Saved data entries:
....................

lemma comps_imp_ex_vec:
  "t \<in> comps q n \<Longrightarrow> \<exists>x\<in>vecs q n. comp n x = t"
proof (induction n arbitrary: t)
  case 0
  then have "t i = 0" for i
    by (cases "i < q") (auto simp: comps_def)
  then show ?case
    by (intro bexI[of _ "\<lambda>_. undefined"]) (auto simp: vecs_def comp_def fun_eq_iff)
next
  case (Suc n)
  then have t: "\<forall>i\<ge>q. t i = 0" "(\<Sum>i<q. t i) = Suc n" by (auto simp: comps_def)
  have "\<exists>c<q. t c \<noteq> 0"
  proof (rule ccontr)
    assume "\<not> ?thesis"
    then have "(\<Sum>i<q. t i) = 0" by simp
    with t(2) show False by simp
  qed
  then obtain c where c: "c < q" "t c > 0" by auto
  define t' where "t' = t(c := t c - 1)"
  have "(\<Sum>i<q. t' i) = t c - 1 + (\<Sum>i\<in>{..<q}-{c}. t i)"
    using c by (simp add: t'_def sum.remove)
  also have "\<dots> = n"
    using c t(2) by (simp add: sum.remove)
  finally have "t' \<in> comps q n" using t c by (auto simp: comps_def t'_def)
  then obtain x' where x': "x' \<in> vecs q n" "comp n x' = t'" using Suc.IH by blast
  define x where "x = x'(n := c)"
  have "x \<in> vecs q (Suc n)"
    using x' c by (auto simp: x_def vecs_def PiE_iff extensional_def)
  moreover have "comp (Suc n) x = t"
  proof
    fix d
    have "{i\<in>{..<Suc n}. x i = d} = {i\<in>{..<n}. x' i = d} \<union> (if c = d then {n} else {})"
      unfolding x_def by auto
    then show "comp (Suc n) x d = t d"
      using x'(2) c unfolding comp_def t'_def by (auto simp: fun_eq_iff split: if_splits)
  qed
  ultimately show ?case by blast
qed

lemma W_eq_W_vec:
  assumes "x \<in> vecs q n" and "comp n x = t"
  shows "W U q n t = W_vec U q n x"
proof -
  define x0 where "x0 = (SOME x. x \<in> vecs q n \<and> comp n x = t)"
  have "x0 \<in> vecs q n \<and> comp n x0 = t"
    unfolding x0_def using assms by (rule someI[of _ x, OF conjI])
  have "W U q n t = W_vec U q n x0"
    unfolding W_def W_vec_def comp_class_def chan_prob_def Let_def x0_def ..
  also have "\<dots> = W_vec U q n x"
    using W_vec_eq_if_comp_eq \<open>x0 \<in> vecs q n \<and> comp n x0 = t\<close> assms by metis
  finally show ?thesis .
qed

....................

» What is expected
Above this instruction are the records; retype exactly the lines from the one containing "then obtain c" up to and including the one containing "vecs q (Suc".

» Task solution
  then obtain c where c: "c < q" "t c > 0" by auto
  define t' where "t' = t(c := t c - 1)"
  have "(\<Sum>i<q. t' i) = t c - 1 + (\<Sum>i\<in>{..<q}-{c}. t i)"
    using c by (simp add: t'_def sum.remove)
  also have "\<dots> = n"
    using c t(2) by (simp add: sum.remove)
  finally have "t' \<in> comps q n" using t c by (auto simp: comps_def t'_def)
  then obtain x' where x': "x' \<in> vecs q n" "comp n x' = t'" using Suc.IH by blast
  define x where "x = x'(n := c)"
  have "x \<in> vecs q (Suc n)"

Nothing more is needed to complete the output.